[[ PROVIDED RECORDS open ]]
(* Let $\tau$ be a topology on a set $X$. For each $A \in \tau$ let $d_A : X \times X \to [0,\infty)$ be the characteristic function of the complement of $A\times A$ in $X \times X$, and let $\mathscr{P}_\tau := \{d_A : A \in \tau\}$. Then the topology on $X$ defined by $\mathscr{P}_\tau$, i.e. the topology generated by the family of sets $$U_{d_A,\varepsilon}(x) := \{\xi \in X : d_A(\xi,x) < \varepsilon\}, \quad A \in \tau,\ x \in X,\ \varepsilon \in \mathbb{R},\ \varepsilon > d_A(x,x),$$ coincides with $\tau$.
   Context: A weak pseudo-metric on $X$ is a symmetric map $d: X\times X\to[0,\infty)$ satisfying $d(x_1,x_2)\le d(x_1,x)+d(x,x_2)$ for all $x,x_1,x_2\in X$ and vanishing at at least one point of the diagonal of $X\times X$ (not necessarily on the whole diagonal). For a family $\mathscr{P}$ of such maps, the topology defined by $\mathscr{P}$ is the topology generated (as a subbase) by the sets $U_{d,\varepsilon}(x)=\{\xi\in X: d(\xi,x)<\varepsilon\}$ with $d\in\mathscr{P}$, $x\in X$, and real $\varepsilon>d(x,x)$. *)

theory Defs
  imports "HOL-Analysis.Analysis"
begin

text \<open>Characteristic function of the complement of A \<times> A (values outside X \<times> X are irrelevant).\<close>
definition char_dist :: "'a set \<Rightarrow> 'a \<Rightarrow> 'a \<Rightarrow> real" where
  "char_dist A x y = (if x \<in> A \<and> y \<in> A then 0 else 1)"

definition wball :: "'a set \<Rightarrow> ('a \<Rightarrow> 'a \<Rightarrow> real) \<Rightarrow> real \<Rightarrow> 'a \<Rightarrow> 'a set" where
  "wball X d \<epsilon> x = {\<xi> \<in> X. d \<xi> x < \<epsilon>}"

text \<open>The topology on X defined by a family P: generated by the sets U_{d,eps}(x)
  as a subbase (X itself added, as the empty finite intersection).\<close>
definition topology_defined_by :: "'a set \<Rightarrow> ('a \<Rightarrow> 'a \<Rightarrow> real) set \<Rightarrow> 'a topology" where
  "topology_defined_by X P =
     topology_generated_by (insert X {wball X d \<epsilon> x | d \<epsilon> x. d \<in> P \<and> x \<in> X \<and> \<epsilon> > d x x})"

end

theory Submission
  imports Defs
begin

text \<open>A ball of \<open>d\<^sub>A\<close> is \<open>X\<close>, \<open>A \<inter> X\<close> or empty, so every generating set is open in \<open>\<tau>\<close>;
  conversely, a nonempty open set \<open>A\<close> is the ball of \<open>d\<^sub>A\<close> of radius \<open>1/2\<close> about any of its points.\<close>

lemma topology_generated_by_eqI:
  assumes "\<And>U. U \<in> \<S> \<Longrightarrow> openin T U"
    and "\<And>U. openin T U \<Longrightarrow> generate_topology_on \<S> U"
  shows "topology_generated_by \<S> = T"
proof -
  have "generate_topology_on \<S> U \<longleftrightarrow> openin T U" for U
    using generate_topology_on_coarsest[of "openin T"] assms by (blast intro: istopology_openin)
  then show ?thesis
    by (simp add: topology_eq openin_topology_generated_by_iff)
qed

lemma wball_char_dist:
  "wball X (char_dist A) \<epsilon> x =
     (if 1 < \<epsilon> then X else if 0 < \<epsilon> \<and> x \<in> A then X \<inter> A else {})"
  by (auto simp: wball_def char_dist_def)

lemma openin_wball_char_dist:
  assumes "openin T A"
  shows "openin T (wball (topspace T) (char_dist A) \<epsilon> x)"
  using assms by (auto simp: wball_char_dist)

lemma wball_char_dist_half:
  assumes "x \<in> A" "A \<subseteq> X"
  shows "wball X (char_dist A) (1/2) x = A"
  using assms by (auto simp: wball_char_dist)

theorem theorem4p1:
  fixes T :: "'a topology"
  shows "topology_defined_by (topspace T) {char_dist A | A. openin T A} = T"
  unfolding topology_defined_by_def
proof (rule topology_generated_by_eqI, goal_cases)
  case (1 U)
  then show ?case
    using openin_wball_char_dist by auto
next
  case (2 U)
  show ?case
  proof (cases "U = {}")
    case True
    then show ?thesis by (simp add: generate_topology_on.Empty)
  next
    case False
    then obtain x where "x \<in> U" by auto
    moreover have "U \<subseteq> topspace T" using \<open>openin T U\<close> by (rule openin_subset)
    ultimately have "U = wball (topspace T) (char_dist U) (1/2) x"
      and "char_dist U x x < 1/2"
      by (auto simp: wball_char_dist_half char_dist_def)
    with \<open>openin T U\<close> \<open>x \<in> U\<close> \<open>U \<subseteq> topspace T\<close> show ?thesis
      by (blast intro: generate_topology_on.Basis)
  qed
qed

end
[[ PROVIDED RECORDS closed ]]
*TASK DIRECTIONS*.
Scan each line of the entries above for the word "shows" and report how many lines contain it, with nothing else.

*OUTPUT OF THE TASK*.
4